El confinamiento, con su aislamiento, ha sido un puerperio social: las ciudades vacías y silenciosas, la vida adentro, los ritmos enlentecidos y trastocados, las noches de incertidumbre y de insomnio. Un tiempo loco que mezcla angustia y cansancio con momentos delicados en los que piensas, como una revelación, que, en realidad, no hay nada tan importante como lo que sucede ahí dentro, delante de ti, al lado de ti.

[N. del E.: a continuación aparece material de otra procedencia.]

lemma card_sign_vectors_permutes:
  assumes m: "m \<ge> 3"
  shows "card (sign_vector m ` generic_points m) = fact m * card (sign_vector m ` increasing_points m)"
proof -
  define P where "P = {\<pi>. \<pi> permutes {..<m}}"
  define A where "A \<pi> = sign_vector m ` (\<lambda>x. x \<circ> \<pi>) ` increasing_points m" for \<pi>
  have "sign_vector m ` generic_points m = (\<Union>\<pi>\<in>P. A \<pi>)"
    unfolding generic_points_UN_permutes[OF m] A_def P_def by blast
  moreover have "card (\<Union>\<pi>\<in>P. A \<pi>) = (\<Sum>\<pi>\<in>P. card (A \<pi>))"
  proof (rule card_UN_disjoint)
    show "finite P" unfolding P_def by (rule finite_permutations) simp
    show "\<forall>\<pi>\<in>P. finite (A \<pi>)" unfolding A_def using finite_sign_vectors by blast
    show "\<forall>\<pi>\<in>P. \<forall>\<pi>'\<in>P. \<pi> \<noteq> \<pi>' \<longrightarrow> A \<pi> \<inter> A \<pi>' = {}"
    proof (intro ballI impI)
      fix \<pi> \<pi>' assume "\<pi> \<in> P" "\<pi>' \<in> P" "\<pi> \<noteq> \<pi>'"
      show "A \<pi> \<inter> A \<pi>' = {}"
      proof (rule ccontr)
        assume "A \<pi> \<inter> A \<pi>' \<noteq> {}"
        then obtain x y where "x \<in> increasing_points m" "y \<in> increasing_points m"
          "sign_vector m (x \<circ> \<pi>) = sign_vector m (y \<circ> \<pi>')"
          unfolding A_def by auto
        then show False
          using permutes_eq_if_sign_vector_eq \<open>\<pi> \<in> P\<close> \<open>\<pi>' \<in> P\<close> \<open>\<pi> \<noteq> \<pi>'\<close> unfolding P_def by blast
      qed
    qed
  qed
  moreover have "card (A \<pi>) = card (sign_vector m ` increasing_points m)" if "\<pi> \<in> P" for \<pi>
    unfolding A_def image_image
    by (rule card_image_eq_card_image, rule sign_vector_comp_permutes_eq_iff) (use that in \<open>simp add: P_def\<close>)
  moreover have "card P = fact m" unfolding P_def by (rule card_permutations) simp_all
  ultimately show ?thesis by simp
qed

theorem theorem3p2:
  fixes m :: nat
  assumes "m \<ge> 3"
  shows "real (r m) = fact m / 2 * real (r0 m) \<and>
         real (r m) = real (card (chambers m)) / 2"
proof -
  have "card (chambers m) = 2 * r m"
    using card_chambers card_sign_vectors_generic_points r_eq_card_sign_vectors assms by simp
  moreover have "2 * r m = fact m * r0 m"
    using card_sign_vectors_permutes card_sign_vectors_generic_points r_eq_card_sign_vectors
      r0_eq_card_sign_vectors assms by simp
  then have "2 * real (r m) = fact m * real (r0 m)"
    by (metis of_nat_fact of_nat_mult of_nat_numeral)
  ultimately show ?thesis by simp
qed

end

El puerperio es, en cierta medida, un aislamiento: en pocos momentos sientes con tanta fuerza la brecha entre el ritmo y las necesidades de afuera -lo que ves en la tele, el trabajo, la familia, los amigos, los bares, tus propias expectativas- y la vida propia, abierta en canal de repente por un ser nuevo, con todos los cambios, también existenciales, a cuestas. Es también un aislamiento interno, un periodo en el que cuesta sacar el sentir propio con toda su fuerza, en el que cuesta renunciar a ese afuera y en el que cuesta esperar.
Como escribe la periodista argentina Luciana Peker, la cuarentena parece excepcional pero se parece al puerperio: “Y justamente a la singularidad de cómo lo viven las madres: nunca igual”. El aislamiento obligatorio de la cuarentena ha sido ese puerperio en el que todo el mundo se ha visto obligado a lidiar con sus sombras, a escuchar el silencio y a esperar, aunque cada cual a su manera y con sus fantasmas.
Y como en un puerperio hay quien espera que de la noche a la mañana todo siga igual. Venga, date prisa, corre. Qué agotamiento: todo el rato acelerando los momentos que nos toca vivir, sobre todo cuando no cuadran con ese ritmo vertiginoso del 'hay que hacer todo el rato cosas', 'hay que ser productiva', 'hay que aprovechar el tiempo'. Yo también soy así: me he cansado de eso, pero al mismo tiempo me cuesta salir de la rueda y el desconfinamiento no ayuda.
Porque en lugar de aprender de lo vivido da la sensación de que nos deslicemos, una vez más, por la pendiente de lo rápido, lo inevitable, 'lo normal'. Vuelve a costar distinguir qué es lo que una necesita y qué es lo que el mundo espera porque todo se ha puesto en marcha veloz y parece que se trate de caminar rápido hacia la 'normalidad', casi sin tiempo ni espacio para ver cómo estamos, qué necesitamos individual y colectivamente, cómo vamos a procesar todo lo que nos ha pasado.
Porque, como cuando transitas un puerperio, nada nunca vuelve a ser igual que antes, o no exactamente.